#### WORK ORDER
Extract all of the entries and set them down verbatim.

Saved data entries:
lemma psd_eq_scaled_state:
  fixes R :: "'n::finite cop"
  assumes "psd R"
  shows "\<exists>p \<sigma>. 0 \<le> p \<and> is_state \<sigma> \<and> R = (\<lambda>a b. complex_of_real p * \<sigma> a b)"
proof -
  define p where "p = Re (op_trace R)"
  have trace: "op_trace R = of_real p"
    using psd_diagonal[OF assms] by (simp add: p_def op_trace_def complex_eq_iff Im_sum)
  have "0 \<le> p" using psd_trace_nonneg[OF assms] by (simp add: p_def)
  show ?thesis
  proof (cases "p = 0")
    case True
    have "R a a = 0" for a
      using psd_diagonal[OF assms] True
      by (simp add: p_def op_trace_def Re_sum sum_nonneg_eq_0_iff complex_eq_iff)
    then have "R = (\<lambda>a b. complex_of_real 0 * ketbra (unit_vec undefined) a b)"
      using psd_zero_diagonal[OF assms] by auto
    moreover have "is_state (ketbra (unit_vec (undefined :: 'n)))"
      by (rule is_state_ketbra) (simp add: cinner_def unit_vec_def if_zero_complex_simps sum.delta)
    ultimately show ?thesis by blast
  next
    case False
    define \<sigma> where "\<sigma> = (\<lambda>a b. R a b / of_real p)"
    have "psd \<sigma>"
    proof -
      have "quad_form \<sigma> v = quad_form R v / of_real p" for v
        by (simp add: \<sigma>_def quad_form_def sum_divide_distrib)
      then show ?thesis
        using assms \<open>0 \<le> p\<close> by (simp add: psd_def complex_is_Real_iff)
    qed
    moreover have "op_trace \<sigma> = 1"
      using False trace by (simp add: \<sigma>_def op_trace_def flip: sum_divide_distrib)
    moreover have "R = (\<lambda>a b. complex_of_real p * \<sigma> a b)"
      using False by (simp add: \<sigma>_def)
    ultimately show ?thesis using \<open>0 \<le> p\<close> by (auto simp: is_state_def)
  qed
qed

lemma matrix_basis_expansion:
  fixes T :: "'n::finite cop"
  assumes on: "orthonormal_basis \<xi>"
  shows "T k l = (\<Sum>i\<in>UNIV. \<Sum>j\<in>UNIV. mat_elem \<xi> T i j * (\<xi> i k * cnj (\<xi> j l)))"
proof -
  have "(\<Sum>i\<in>UNIV. \<Sum>j\<in>UNIV. mat_elem \<xi> T i j * (\<xi> i k * cnj (\<xi> j l))) =
      (\<Sum>i\<in>UNIV. \<Sum>j\<in>UNIV. \<Sum>k'\<in>UNIV. \<Sum>l'\<in>UNIV.
        T k' l' * ((\<xi> i k * cnj (\<xi> i k')) * (\<xi> j l' * cnj (\<xi> j l))))"
    unfolding mat_elem_def sum_distrib_right by (simp add: ac_simps)
  also have "\<dots> = (\<Sum>k'\<in>UNIV. \<Sum>l'\<in>UNIV. \<Sum>i\<in>UNIV. \<Sum>j\<in>UNIV.
        T k' l' * ((\<xi> i k * cnj (\<xi> i k')) * (\<xi> j l' * cnj (\<xi> j l))))"
    by (subst (2) sum.swap, subst sum.swap, subst (3) sum.swap, subst (2) sum.swap) (rule refl)
  also have "\<dots> = (\<Sum>k'\<in>UNIV. \<Sum>l'\<in>UNIV.
        T k' l' * ((\<Sum>i\<in>UNIV. \<xi> i k * cnj (\<xi> i k')) * (\<Sum>j\<in>UNIV. \<xi> j l' * cnj (\<xi> j l))))"
    by (simp only: sum_product) (simp only: sum_distrib_left)
  also have "\<dots> = T k l"
    by (simp add: orthonormal_basis_resolution_of_identity[OF on] if_zero_complex_simps sum.delta sum.delta')
  finally show ?thesis by simp
qed

lemma block_diagonal_classical_quantum:
  fixes \<rho> :: "('a::finite \<times> 'b::finite) cop"
  assumes st: "is_state \<rho>" and on: "orthonormal_basis \<xi>"
    and off: "\<And>i j. i \<noteq> j \<Longrightarrow> partial_elem \<rho> (\<xi> i) (\<xi> j) = (\<lambda>_ _. 0)"
  shows "\<exists>(p :: 'b \<Rightarrow> real) (\<rho>A :: 'b \<Rightarrow> 'a cop). (\<forall>i. 0 \<le> p i) \<and> (\<Sum>i\<in>UNIV. p i) = 1 \<and>
       (\<forall>i. is_state (\<rho>A i)) \<and>
       \<rho> = (\<lambda>x y. \<Sum>i\<in>UNIV. complex_of_real (p i) * tensor (\<rho>A i) (ketbra (\<xi> i)) x y)"
proof -
  have "\<forall>i. \<exists>p \<sigma>. 0 \<le> p \<and> is_state \<sigma> \<and> partial_elem \<rho> (\<xi> i) (\<xi> i) = (\<lambda>a b. complex_of_real p * \<sigma> a b)"
    using st by (intro allI psd_eq_scaled_state psd_partial_elem) (simp add: is_state_def)
  then obtain p \<rho>A where p: "\<And>i. 0 \<le> p i" and states: "\<And>i. is_state (\<rho>A i)"
    and blocks: "\<And>i. partial_elem \<rho> (\<xi> i) (\<xi> i) = (\<lambda>a b. complex_of_real (p i) * \<rho>A i a b)"
    by metis
  have "\<rho> (a, k) (b, l) = (\<Sum>i\<in>UNIV. complex_of_real (p i) * tensor (\<rho>A i) (ketbra (\<xi> i)) (a, k) (b, l))"
    for a k b l
  proof -
    have "\<rho> (a, k) (b, l) = (\<Sum>i\<in>UNIV. \<Sum>j\<in>UNIV. partial_elem \<rho> (\<xi> i) (\<xi> j) a b * (\<xi> i k * cnj (\<xi> j l)))"
      using matrix_basis_expansion[OF on, of "\<lambda>k l. \<rho> (a, k) (b, l)" k l]
      by (simp add: mat_elem_def partial_elem_def)
    also have "\<dots> = (\<Sum>i\<in>UNIV. partial_elem \<rho> (\<xi> i) (\<xi> i) a b * (\<xi> i k * cnj (\<xi> i l)))"
    proof (rule sum.cong[OF refl])
      fix i
      have "(\<Sum>j\<in>UNIV. partial_elem \<rho> (\<xi> i) (\<xi> j) a b * (\<xi> i k * cnj (\<xi> j l))) =
          (\<Sum>j\<in>UNIV. if j = i then partial_elem \<rho> (\<xi> i) (\<xi> i) a b * (\<xi> i k * cnj (\<xi> i l)) else 0)"
        by (rule sum.cong) (auto simp: off)
      then show "(\<Sum>j\<in>UNIV. partial_elem \<rho> (\<xi> i) (\<xi> j) a b * (\<xi> i k * cnj (\<xi> j l))) =
          partial_elem \<rho> (\<xi> i) (\<xi> i) a b * (\<xi> i k * cnj (\<xi> i l))"
        by simp
    qed
    finally show ?thesis by (simp add: blocks tensor_def ketbra_def mult.assoc)
  qed
  then have cq: "\<rho> = (\<lambda>x y. \<Sum>i\<in>UNIV. complex_of_real (p i) * tensor (\<rho>A i) (ketbra (\<xi> i)) x y)"
    by (intro ext) auto
  have "op_trace \<rho> = (\<Sum>i\<in>UNIV. complex_of_real (p i) * op_trace (tensor (\<rho>A i) (ketbra (\<xi> i))))"
    by (simp add: cq op_trace_sum op_trace_def sum_distrib_left)
  also have "\<dots> = complex_of_real (\<Sum>i\<in>UNIV. p i)"
    using on states by (simp add: op_trace_tensor op_trace_ketbra orthonormal_basis_def is_state_def)
  finally have "(\<Sum>i\<in>UNIV. p i) = 1"
    using st by (simp add: is_state_def flip: of_real_sum)
  then show ?thesis using p states cq by blast
qed

section \<open>Zero maximal steered coherence forces block-diagonal form\<close>

definition rows :: "complex^'n^'n \<Rightarrow> 'n \<Rightarrow> 'n \<Rightarrow> complex" where
  "rows X = (\<lambda>i k. X $ i $ k)"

#### TASK RESPONSE
lemma psd_eq_scaled_state:
  fixes R :: "'n::finite cop"
  assumes "psd R"
  shows "\<exists>p \<sigma>. 0 \<le> p \<and> is_state \<sigma> \<and> R = (\<lambda>a b. complex_of_real p * \<sigma> a b)"
proof -
  define p where "p = Re (op_trace R)"
  have trace: "op_trace R = of_real p"
    using psd_diagonal[OF assms] by (simp add: p_def op_trace_def complex_eq_iff Im_sum)
  have "0 \<le> p" using psd_trace_nonneg[OF assms] by (simp add: p_def)
  show ?thesis
  proof (cases "p = 0")
    case True
    have "R a a = 0" for a
      using psd_diagonal[OF assms] True
      by (simp add: p_def op_trace_def Re_sum sum_nonneg_eq_0_iff complex_eq_iff)
    then have "R = (\<lambda>a b. complex_of_real 0 * ketbra (unit_vec undefined) a b)"
      using psd_zero_diagonal[OF assms] by auto
    moreover have "is_state (ketbra (unit_vec (undefined :: 'n)))"
      by (rule is_state_ketbra) (simp add: cinner_def unit_vec_def if_zero_complex_simps sum.delta)
    ultimately show ?thesis by blast
  next
    case False
    define \<sigma> where "\<sigma> = (\<lambda>a b. R a b / of_real p)"
    have "psd \<sigma>"
    proof -
      have "quad_form \<sigma> v = quad_form R v / of_real p" for v
        by (simp add: \<sigma>_def quad_form_def sum_divide_distrib)
      then show ?thesis
        using assms \<open>0 \<le> p\<close> by (simp add: psd_def complex_is_Real_iff)
    qed
    moreover have "op_trace \<sigma> = 1"
      using False trace by (simp add: \<sigma>_def op_trace_def flip: sum_divide_distrib)
    moreover have "R = (\<lambda>a b. complex_of_real p * \<sigma> a b)"
      using False by (simp add: \<sigma>_def)
    ultimately show ?thesis using \<open>0 \<le> p\<close> by (auto simp: is_state_def)
  qed
qed

lemma matrix_basis_expansion:
  fixes T :: "'n::finite cop"
  assumes on: "orthonormal_basis \<xi>"
  shows "T k l = (\<Sum>i\<in>UNIV. \<Sum>j\<in>UNIV. mat_elem \<xi> T i j * (\<xi> i k * cnj (\<xi> j l)))"
proof -
  have "(\<Sum>i\<in>UNIV. \<Sum>j\<in>UNIV. mat_elem \<xi> T i j * (\<xi> i k * cnj (\<xi> j l))) =
      (\<Sum>i\<in>UNIV. \<Sum>j\<in>UNIV. \<Sum>k'\<in>UNIV. \<Sum>l'\<in>UNIV.
        T k' l' * ((\<xi> i k * cnj (\<xi> i k')) * (\<xi> j l' * cnj (\<xi> j l))))"
    unfolding mat_elem_def sum_distrib_right by (simp add: ac_simps)
  also have "\<dots> = (\<Sum>k'\<in>UNIV. \<Sum>l'\<in>UNIV. \<Sum>i\<in>UNIV. \<Sum>j\<in>UNIV.
        T k' l' * ((\<xi> i k * cnj (\<xi> i k')) * (\<xi> j l' * cnj (\<xi> j l))))"
    by (subst (2) sum.swap, subst sum.swap, subst (3) sum.swap, subst (2) sum.swap) (rule refl)
  also have "\<dots> = (\<Sum>k'\<in>UNIV. \<Sum>l'\<in>UNIV.
        T k' l' * ((\<Sum>i\<in>UNIV. \<xi> i k * cnj (\<xi> i k')) * (\<Sum>j\<in>UNIV. \<xi> j l' * cnj (\<xi> j l))))"
    by (simp only: sum_product) (simp only: sum_distrib_left)
  also have "\<dots> = T k l"
    by (simp add: orthonormal_basis_resolution_of_identity[OF on] if_zero_complex_simps sum.delta sum.delta')
  finally show ?thesis by simp
qed

lemma block_diagonal_classical_quantum:
  fixes \<rho> :: "('a::finite \<times> 'b::finite) cop"
  assumes st: "is_state \<rho>" and on: "orthonormal_basis \<xi>"
    and off: "\<And>i j. i \<noteq> j \<Longrightarrow> partial_elem \<rho> (\<xi> i) (\<xi> j) = (\<lambda>_ _. 0)"
  shows "\<exists>(p :: 'b \<Rightarrow> real) (\<rho>A :: 'b \<Rightarrow> 'a cop). (\<forall>i. 0 \<le> p i) \<and> (\<Sum>i\<in>UNIV. p i) = 1 \<and>
       (\<forall>i. is_state (\<rho>A i)) \<and>
       \<rho> = (\<lambda>x y. \<Sum>i\<in>UNIV. complex_of_real (p i) * tensor (\<rho>A i) (ketbra (\<xi> i)) x y)"
proof -
  have "\<forall>i. \<exists>p \<sigma>. 0 \<le> p \<and> is_state \<sigma> \<and> partial_elem \<rho> (\<xi> i) (\<xi> i) = (\<lambda>a b. complex_of_real p * \<sigma> a b)"
    using st by (intro allI psd_eq_scaled_state psd_partial_elem) (simp add: is_state_def)
  then obtain p \<rho>A where p: "\<And>i. 0 \<le> p i" and states: "\<And>i. is_state (\<rho>A i)"
    and blocks: "\<And>i. partial_elem \<rho> (\<xi> i) (\<xi> i) = (\<lambda>a b. complex_of_real (p i) * \<rho>A i a b)"
    by metis
  have "\<rho> (a, k) (b, l) = (\<Sum>i\<in>UNIV. complex_of_real (p i) * tensor (\<rho>A i) (ketbra (\<xi> i)) (a, k) (b, l))"
    for a k b l
  proof -
    have "\<rho> (a, k) (b, l) = (\<Sum>i\<in>UNIV. \<Sum>j\<in>UNIV. partial_elem \<rho> (\<xi> i) (\<xi> j) a b * (\<xi> i k * cnj (\<xi> j l)))"
      using matrix_basis_expansion[OF on, of "\<lambda>k l. \<rho> (a, k) (b, l)" k l]
      by (simp add: mat_elem_def partial_elem_def)
    also have "\<dots> = (\<Sum>i\<in>UNIV. partial_elem \<rho> (\<xi> i) (\<xi> i) a b * (\<xi> i k * cnj (\<xi> i l)))"
    proof (rule sum.cong[OF refl])
      fix i
      have "(\<Sum>j\<in>UNIV. partial_elem \<rho> (\<xi> i) (\<xi> j) a b * (\<xi> i k * cnj (\<xi> j l))) =
          (\<Sum>j\<in>UNIV. if j = i then partial_elem \<rho> (\<xi> i) (\<xi> i) a b * (\<xi> i k * cnj (\<xi> i l)) else 0)"
        by (rule sum.cong) (auto simp: off)
      then show "(\<Sum>j\<in>UNIV. partial_elem \<rho> (\<xi> i) (\<xi> j) a b * (\<xi> i k * cnj (\<xi> j l))) =
          partial_elem \<rho> (\<xi> i) (\<xi> i) a b * (\<xi> i k * cnj (\<xi> i l))"
        by simp
    qed
    finally show ?thesis by (simp add: blocks tensor_def ketbra_def mult.assoc)
  qed
  then have cq: "\<rho> = (\<lambda>x y. \<Sum>i\<in>UNIV. complex_of_real (p i) * tensor (\<rho>A i) (ketbra (\<xi> i)) x y)"
    by (intro ext) auto
  have "op_trace \<rho> = (\<Sum>i\<in>UNIV. complex_of_real (p i) * op_trace (tensor (\<rho>A i) (ketbra (\<xi> i))))"
    by (simp add: cq op_trace_sum op_trace_def sum_distrib_left)
  also have "\<dots> = complex_of_real (\<Sum>i\<in>UNIV. p i)"
    using on states by (simp add: op_trace_tensor op_trace_ketbra orthonormal_basis_def is_state_def)
  finally have "(\<Sum>i\<in>UNIV. p i) = 1"
    using st by (simp add: is_state_def flip: of_real_sum)
  then show ?thesis using p states cq by blast
qed

section \<open>Zero maximal steered coherence forces block-diagonal form\<close>

definition rows :: "complex^'n^'n \<Rightarrow> 'n \<Rightarrow> 'n \<Rightarrow> complex" where
  "rows X = (\<lambda>i k. X $ i $ k)"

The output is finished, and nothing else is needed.